§ **Problem description**
A complete answer includes every line below with the word "also".

Source records:
--

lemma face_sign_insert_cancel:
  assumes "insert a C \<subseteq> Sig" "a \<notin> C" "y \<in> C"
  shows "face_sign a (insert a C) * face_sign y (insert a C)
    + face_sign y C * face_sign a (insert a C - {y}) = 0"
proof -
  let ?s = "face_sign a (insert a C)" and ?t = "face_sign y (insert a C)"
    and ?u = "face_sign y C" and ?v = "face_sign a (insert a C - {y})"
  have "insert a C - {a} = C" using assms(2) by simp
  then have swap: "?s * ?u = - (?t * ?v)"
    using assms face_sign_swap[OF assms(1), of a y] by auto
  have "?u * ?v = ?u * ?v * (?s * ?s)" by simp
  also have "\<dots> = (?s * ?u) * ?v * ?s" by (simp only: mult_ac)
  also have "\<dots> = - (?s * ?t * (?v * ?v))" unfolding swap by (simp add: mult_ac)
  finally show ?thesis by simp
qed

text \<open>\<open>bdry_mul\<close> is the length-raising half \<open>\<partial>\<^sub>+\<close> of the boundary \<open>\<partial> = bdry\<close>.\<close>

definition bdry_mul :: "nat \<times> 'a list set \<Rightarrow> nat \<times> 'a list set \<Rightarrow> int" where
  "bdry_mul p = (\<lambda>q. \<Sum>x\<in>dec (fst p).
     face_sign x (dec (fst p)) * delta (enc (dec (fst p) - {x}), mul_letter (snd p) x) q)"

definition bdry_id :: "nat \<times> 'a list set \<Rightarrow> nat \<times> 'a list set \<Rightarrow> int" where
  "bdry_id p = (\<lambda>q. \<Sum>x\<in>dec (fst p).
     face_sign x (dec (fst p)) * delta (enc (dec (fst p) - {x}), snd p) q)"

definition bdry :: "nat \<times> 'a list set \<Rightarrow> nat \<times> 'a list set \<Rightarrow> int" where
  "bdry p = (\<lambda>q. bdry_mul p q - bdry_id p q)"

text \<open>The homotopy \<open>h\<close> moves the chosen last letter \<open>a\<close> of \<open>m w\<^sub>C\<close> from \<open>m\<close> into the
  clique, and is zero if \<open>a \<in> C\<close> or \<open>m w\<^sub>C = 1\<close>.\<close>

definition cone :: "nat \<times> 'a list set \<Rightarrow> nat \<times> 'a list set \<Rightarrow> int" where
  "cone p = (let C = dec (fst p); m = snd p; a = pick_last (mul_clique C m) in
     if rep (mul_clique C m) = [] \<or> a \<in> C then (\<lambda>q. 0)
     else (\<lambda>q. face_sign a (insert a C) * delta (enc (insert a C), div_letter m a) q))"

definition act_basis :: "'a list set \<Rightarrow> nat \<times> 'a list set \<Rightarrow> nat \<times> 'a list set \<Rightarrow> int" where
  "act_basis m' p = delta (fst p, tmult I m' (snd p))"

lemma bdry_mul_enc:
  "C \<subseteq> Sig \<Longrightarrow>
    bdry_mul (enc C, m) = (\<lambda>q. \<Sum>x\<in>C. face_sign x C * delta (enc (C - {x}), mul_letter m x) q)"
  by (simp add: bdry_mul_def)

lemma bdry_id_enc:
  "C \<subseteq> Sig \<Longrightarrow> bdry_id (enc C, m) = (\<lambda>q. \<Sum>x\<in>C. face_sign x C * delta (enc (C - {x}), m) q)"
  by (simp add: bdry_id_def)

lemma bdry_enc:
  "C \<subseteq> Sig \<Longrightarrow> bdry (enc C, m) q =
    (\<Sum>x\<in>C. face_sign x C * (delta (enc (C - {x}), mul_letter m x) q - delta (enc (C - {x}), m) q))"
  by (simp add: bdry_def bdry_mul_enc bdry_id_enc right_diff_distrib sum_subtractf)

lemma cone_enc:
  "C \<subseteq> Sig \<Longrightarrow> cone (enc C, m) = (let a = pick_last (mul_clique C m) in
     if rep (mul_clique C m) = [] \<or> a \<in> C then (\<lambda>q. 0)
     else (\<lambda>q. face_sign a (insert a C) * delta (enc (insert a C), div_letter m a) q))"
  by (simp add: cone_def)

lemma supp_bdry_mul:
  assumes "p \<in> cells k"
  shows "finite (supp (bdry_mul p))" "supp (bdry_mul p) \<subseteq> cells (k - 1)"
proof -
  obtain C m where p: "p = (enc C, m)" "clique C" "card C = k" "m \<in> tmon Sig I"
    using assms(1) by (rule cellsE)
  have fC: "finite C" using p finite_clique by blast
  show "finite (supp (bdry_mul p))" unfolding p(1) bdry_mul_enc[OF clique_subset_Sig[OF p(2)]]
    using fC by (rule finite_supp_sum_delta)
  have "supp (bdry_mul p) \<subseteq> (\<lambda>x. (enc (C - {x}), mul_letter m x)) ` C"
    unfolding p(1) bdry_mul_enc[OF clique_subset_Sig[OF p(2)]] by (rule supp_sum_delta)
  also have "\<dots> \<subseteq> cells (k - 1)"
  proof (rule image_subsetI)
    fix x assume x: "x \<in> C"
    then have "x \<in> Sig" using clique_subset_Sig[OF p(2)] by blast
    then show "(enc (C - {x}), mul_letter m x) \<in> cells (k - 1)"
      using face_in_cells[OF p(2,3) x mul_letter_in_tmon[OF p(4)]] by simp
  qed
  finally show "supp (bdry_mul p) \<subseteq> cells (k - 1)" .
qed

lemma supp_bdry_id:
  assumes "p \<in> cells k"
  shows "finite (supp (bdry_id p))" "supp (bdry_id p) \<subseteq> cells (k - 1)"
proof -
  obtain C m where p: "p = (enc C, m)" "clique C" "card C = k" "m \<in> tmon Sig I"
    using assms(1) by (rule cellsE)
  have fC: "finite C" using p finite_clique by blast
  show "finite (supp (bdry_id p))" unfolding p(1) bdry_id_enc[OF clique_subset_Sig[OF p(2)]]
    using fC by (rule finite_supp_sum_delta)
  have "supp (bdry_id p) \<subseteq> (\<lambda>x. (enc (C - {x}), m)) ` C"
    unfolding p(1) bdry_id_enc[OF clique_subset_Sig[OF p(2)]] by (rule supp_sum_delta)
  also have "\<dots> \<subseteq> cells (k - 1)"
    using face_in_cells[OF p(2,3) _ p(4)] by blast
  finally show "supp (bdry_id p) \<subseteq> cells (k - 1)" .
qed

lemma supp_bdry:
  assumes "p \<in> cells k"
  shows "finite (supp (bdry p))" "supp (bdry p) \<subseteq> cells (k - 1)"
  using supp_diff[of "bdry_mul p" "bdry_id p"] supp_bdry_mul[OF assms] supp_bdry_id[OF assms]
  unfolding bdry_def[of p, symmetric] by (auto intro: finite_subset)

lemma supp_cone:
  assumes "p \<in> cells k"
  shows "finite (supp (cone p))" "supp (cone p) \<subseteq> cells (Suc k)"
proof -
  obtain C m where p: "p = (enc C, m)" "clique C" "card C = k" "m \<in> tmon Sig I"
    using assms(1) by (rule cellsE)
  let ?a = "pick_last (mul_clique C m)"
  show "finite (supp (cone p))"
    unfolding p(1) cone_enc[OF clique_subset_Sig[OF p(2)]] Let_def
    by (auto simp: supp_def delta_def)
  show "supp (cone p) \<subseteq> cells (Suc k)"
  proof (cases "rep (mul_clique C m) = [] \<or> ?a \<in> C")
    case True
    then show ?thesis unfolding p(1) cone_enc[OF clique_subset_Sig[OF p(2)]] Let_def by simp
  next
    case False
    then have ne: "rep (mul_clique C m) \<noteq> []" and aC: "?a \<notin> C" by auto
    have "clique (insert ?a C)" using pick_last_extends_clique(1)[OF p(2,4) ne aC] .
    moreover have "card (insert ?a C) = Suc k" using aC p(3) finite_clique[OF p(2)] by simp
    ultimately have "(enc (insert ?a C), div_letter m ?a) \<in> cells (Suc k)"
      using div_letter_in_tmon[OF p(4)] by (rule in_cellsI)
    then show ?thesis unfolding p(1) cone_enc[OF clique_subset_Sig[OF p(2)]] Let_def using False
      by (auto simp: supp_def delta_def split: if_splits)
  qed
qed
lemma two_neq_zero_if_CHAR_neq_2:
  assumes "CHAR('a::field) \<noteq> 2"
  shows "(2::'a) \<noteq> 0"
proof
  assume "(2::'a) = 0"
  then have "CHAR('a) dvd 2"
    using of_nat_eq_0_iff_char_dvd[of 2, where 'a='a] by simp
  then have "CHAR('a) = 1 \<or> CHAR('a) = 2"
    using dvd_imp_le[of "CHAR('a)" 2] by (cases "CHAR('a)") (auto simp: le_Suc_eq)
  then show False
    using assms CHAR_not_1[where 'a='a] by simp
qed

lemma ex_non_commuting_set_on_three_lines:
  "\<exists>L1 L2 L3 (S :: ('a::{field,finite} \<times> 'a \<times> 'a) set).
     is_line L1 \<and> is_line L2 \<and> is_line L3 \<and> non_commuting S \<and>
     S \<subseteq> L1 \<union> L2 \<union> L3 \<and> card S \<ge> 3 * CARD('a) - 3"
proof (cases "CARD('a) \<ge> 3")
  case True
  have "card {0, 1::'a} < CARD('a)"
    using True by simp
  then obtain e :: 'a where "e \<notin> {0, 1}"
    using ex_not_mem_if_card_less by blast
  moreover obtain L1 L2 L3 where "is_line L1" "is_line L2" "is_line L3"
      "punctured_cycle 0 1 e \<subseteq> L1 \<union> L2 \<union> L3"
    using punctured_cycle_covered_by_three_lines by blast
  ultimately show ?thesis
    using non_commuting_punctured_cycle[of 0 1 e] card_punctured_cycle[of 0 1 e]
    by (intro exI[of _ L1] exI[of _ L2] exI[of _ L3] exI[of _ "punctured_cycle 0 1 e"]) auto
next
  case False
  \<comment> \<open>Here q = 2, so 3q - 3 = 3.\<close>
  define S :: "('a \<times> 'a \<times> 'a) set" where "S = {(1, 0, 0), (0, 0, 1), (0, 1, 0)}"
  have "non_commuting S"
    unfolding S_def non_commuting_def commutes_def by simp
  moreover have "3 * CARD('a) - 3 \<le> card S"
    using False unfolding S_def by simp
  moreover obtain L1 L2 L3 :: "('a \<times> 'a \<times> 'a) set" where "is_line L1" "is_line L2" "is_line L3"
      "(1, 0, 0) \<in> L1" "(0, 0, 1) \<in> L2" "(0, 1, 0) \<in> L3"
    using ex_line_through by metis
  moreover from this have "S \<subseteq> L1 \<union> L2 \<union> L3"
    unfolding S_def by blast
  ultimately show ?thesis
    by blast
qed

--

§ **Worked solution**
  also have "\<dots> = (?s * ?u) * ?v * ?s" by (simp only: mult_ac)
  also have "\<dots> = - (?s * ?t * (?v * ?v))" unfolding swap by (simp add: mult_ac)
  also have "\<dots> \<subseteq> cells (k - 1)"
  also have "\<dots> \<subseteq> cells (k - 1)"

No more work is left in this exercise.